2020 feels like a year of mental, physical, and spiritual humidity. I can name some things that contribute to this feeling, but at the same time, it’s hard to see. It’s just part of moving around in the world right now and breathing the air in breath after breath, day after day. It might be imperceptible most of the time on a small scale, but as this period continues, its cumulative, and maybe we’re starting to feel it. Putting aside all of the instability and conflict, and just looking at the stress of the pandemic, we’re finding that this is more of a marathon event than we might have anticipated a few months ago.

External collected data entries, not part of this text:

(* Let $n\ge1$, let $C_{2n}$ be the cyclic group of order $2n$ generated by the rotation $j\mapsto j+1\pmod{2n}$ of $[2n]$, and let $D_{2n}$ be the dihedral group of order $4n$ of symmetries of the $2n$-gon, generated by this rotation and the reflection $j\mapsto -j \pmod{2n}$. Let $c_n$ and $d_n$ be the numbers of equivalence classes of $n$-diagrams under the actions of $C_{2n}$ and $D_{2n}$ respectively. Then \[ d_n = \frac{1}{2} \Big( c_n + \frac{1}{2} \big( \kappa_{n - 1} + \kappa_n \big) \Big), \qquad\text{where}\qquad \kappa_m = \sum_{k = 0}^{\lfloor m/2 \rfloor} \frac{m!}{k! \, (m - 2k)!}. \]
   Context: A chord diagram of order $n$ (an $n$-diagram) is a 3-regular graph on vertex set $[2n]=\{1,\dots,2n\}$ containing the $2n$-circuit $\Delta_{2n}=(1\,2\,\dots\,2n)$ as a subgraph; the edges not in $\Delta_{2n}$ are the chords (they form a perfect matching of $[2n]$). Given a group $G$ of permutations of $[2n]$ acting on $\Delta_{2n}$, two $n$-diagrams are equivalent if some $g\in G$ takes the chords of the first onto the chords of the second. *)

theory Defs
  imports Complex_Main
begin

text \<open>Vertices of the 2n-circuit are labelled 0,...,2n-1 (i.e. j corresponds to j+1 in [2n]);
  the circuit is (0 1 ... 2n-1). The chords of an n-diagram form a perfect matching of the
  vertex set; an n-diagram is identified with its set of chords.\<close>

definition vertices :: "nat \<Rightarrow> nat set" where
  "vertices n = {0..<2*n}"

definition is_chord_diagram :: "nat \<Rightarrow> nat set set \<Rightarrow> bool" where
  "is_chord_diagram n M \<longleftrightarrow>
     (\<forall>e\<in>M. e \<subseteq> vertices n \<and> card e = 2) \<and>
     (\<forall>v\<in>vertices n. \<exists>!e. e \<in> M \<and> v \<in> e)"

definition chord_diagrams :: "nat \<Rightarrow> nat set set set" where
  "chord_diagrams n = {M. is_chord_diagram n M}"

definition rotation :: "nat \<Rightarrow> nat \<Rightarrow> nat" where
  "rotation n j = (j + 1) mod (2*n)"

definition reflection :: "nat \<Rightarrow> nat \<Rightarrow> nat" where
  "reflection n j = (2*n - j) mod (2*n)"

definition cyclic_group :: "nat \<Rightarrow> (nat \<Rightarrow> nat) set" where
  "cyclic_group n = {rotation n ^^ k | k. k < 2*n}"

definition dihedral_group :: "nat \<Rightarrow> (nat \<Rightarrow> nat) set" where
  "dihedral_group n = cyclic_group n \<union> {(rotation n ^^ k) \<circ> reflection n | k. k < 2*n}"

definition diagram_equiv :: "nat \<Rightarrow> (nat \<Rightarrow> nat) set \<Rightarrow> (nat set set \<times> nat set set) set" where
  "diagram_equiv n G = {(M, M'). M \<in> chord_diagrams n \<and> M' \<in> chord_diagrams n \<and>
      (\<exists>g\<in>G. (\<lambda>e. g ` e) ` M = M')}"

definition num_classes :: "nat \<Rightarrow> (nat \<Rightarrow> nat) set \<Rightarrow> nat" where
  "num_classes n G = card (chord_diagrams n // diagram_equiv n G)"

definition c_num :: "nat \<Rightarrow> nat" where
  "c_num n = num_classes n (cyclic_group n)"

definition d_num :: "nat \<Rightarrow> nat" where
  "d_num n = num_classes n (dihedral_group n)"

definition kappa :: "nat \<Rightarrow> real" where
  "kappa m = (\<Sum>k = 0..m div 2. fact m / (fact k * fact (m - 2*k)))"

end

theory Submission
  imports Defs "HOL-Algebra.Group_Action"
begin

(* Burnside's lemma for C_2n and D_2n acting on the n-diagrams gives 2n c_n = sum of the fixed-point
   counts of the rotations and 4n d_n = 2n c_n + sum of the fixed-point counts of the reflections.
   A diagram is fixed by the reflection x -> k - x iff its chords form a perfect matching of [2n]
   invariant under this involution. For odd k the involution has no fixed points; for even k it
   fixes exactly k/2 and k/2 + n, which must then be joined by a chord. Perfect matchings of 2m
   points invariant under a fixed-point-free involution s are counted by kappa_m: the partner of a
   point x is either s x, leaving 2m - 2 points, or one of the 2m - 2 remaining points z, which
   forces the chord {s x, s z} as well and leaves 2m - 4 points. This is the recursion
   kappa_m = kappa_(m-1) + 2 (m-1) kappa_(m-2) of the closed form, and summing over the 2n
   reflections gives 4n d_n = 2n c_n + n (kappa_(n-1) + kappa_n). *)

definition kappa_term :: "nat \<Rightarrow> nat \<Rightarrow> real" where
  "kappa_term m k = (if 2 * k \<le> m then fact m / (fact k * fact (m - 2 * k)) else 0)"

lemma kappa_eq_sum_kappa_term:
  assumes "m div 2 \<le> N"
  shows "kappa m = (\<Sum>k\<le>N. kappa_term m k)"
proof -
  have "kappa m = (\<Sum>k\<le>m div 2. kappa_term m k)"
    unfolding kappa_def atMost_atLeast0 by (rule sum.cong) (auto simp: kappa_term_def)
  also have "\<dots> = (\<Sum>k\<le>N. kappa_term m k)"
    using assms by (intro sum.mono_neutral_left) (auto simp: kappa_term_def)
  finally show ?thesis .
qed
lemma rotation_central:
  assumes n: "0 < n"
  shows "u \<in> words n \<Longrightarrow> S_eq n (cyc n e n @ u) (u @ cyc n e' n)"
proof (induction u arbitrary: e e')
  case Nil
  show ?case using rotations_eq[OF n, of "[]" e "[]" e'] by simp
next
  case (Cons a u)
  then obtain k where u: "u \<in> words n" and k: "a = Suc k" "k < n"
    by (cases a) auto
  have shift: "cyc n k n @ [a] = [a] @ cyc n a n"
    using cyc_append[of n k n 1] cyc_append[of n k 1 n] k by (simp add: cyc_1)
  have "S_eq n (cyc n e n @ a # u) ([] @ cyc n k n @ [a] @ u)"
    using rotations_eq[OF n, of "[]" e "a # u" k] by simp
  also have "[] @ cyc n k n @ [a] @ u = [a] @ (cyc n a n @ u) @ []"
    using shift by (metis append.assoc append_Nil append_Nil2)
  also have "S_eq n \<dots> ([a] @ (u @ cyc n e' n) @ [])"
    by (rule S_eq_context) (rule Cons.IH[OF u])
  finally show ?case by simp
qed

lemma rotation_meets_rotation:
  assumes "cyc n c n @ y = u @ cyc n e n @ v"
  shows "(\<exists>T. u = cyc n c n @ T \<and> y = T @ cyc n e n @ v) \<or>
         (\<exists>d. u = cyc n c d \<and> y = cyc n c d @ v)"
  using prefix_meets_rotation[OF order_refl assms] by auto

text \<open>w contains an occurrence of a rotation whose deletion leaves a word u v with x = P u v
  in S_n.  This property is stable under rewriting steps applied to w.\<close>
definition removes_rotation :: "nat \<Rightarrow> nat list \<Rightarrow> nat list \<Rightarrow> nat list \<Rightarrow> bool" where
  "removes_rotation n P x w \<longleftrightarrow>
     (\<exists>u e v. w = u @ cyc n e n @ v \<and> S_eq n x (P @ u @ v))"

Young families are stressed out by decisions around what to do as school starts up next month. Older folks are growing ever weary of limiting their activity and group events, especially now, with our local outbreak. Isolation is getting harder with time, not easier. Not being able to engage in our regular communal spiritual practices is hard for those of us whose lives were structured with that foundational pacing of weekly worship and prayer with others. My great fear is that some of us will simply sit out of life a bit as a result; that we won’t run the race that we had been running at all, if we can’t run it the way we want to.
One blessing that we carry with us is the promise of our faith, even when everything is harder than it used to be, and even when we can’t express it in our normal ways. This week I’m being reminded about the important role of dehumidifiers (separate from our mold issue, another part of the parish hall building needs replacement dehumidifiers) that take unwanted excess moisture out of the air, making it less destructive and also providing noticeable comfort and refuge from the heat and humidity that assaults us every time we open the door. Our refuge from these days, the source of what makes them less weighty and damaging, is God. Yep, I just compared God to a dehumidifier, but there it is.
It turns out God is an HVAC specialist: human vitality and care, perhaps. God is a practiced pro when it comes to providing respite to the weary. And God makes house calls. Even while we can’t get to “God’s house”. We’re being reminded that God doesn’t really have just one home. Humans have needed reminding of this on and off through the eons, and now it’s our turn. Keep up that prayer life however you can right now. Letting that connection to God go can have some real consequences over time, just like a when a dehumidifier goes out. So, keep it cranked up, especially during this season. Some have even called this practice, “prayer conditioning!”
Keep praying. Keep running. Keep living your life as best you can. It’s going to keep feeling like a slog for a bit, but we do have ways to lessen those burdens. Jesus reminded us that there is a standing offer to take our burdens, and in weather like this, I recommend you take him up on the offer. Now, if we can figure out how to dehumidify my runs, I’ll be in business.
Gracious God, as the heat and humidity of this season intensifies, we pray for those without air conditioning, dehumidifiers, electricity, clean water, health care, or other essentials that we tend to take for granted. We pray for our neighbors in “survival mode;” give them the communities and resources to not only survive, but to thrive this summer. Above all, God, remind us to give a drink of cool water when we see you thirsty, for when we serve the least of these, we serve you. Amen.
Adapted from a prayer that appeared on the Sojourners website.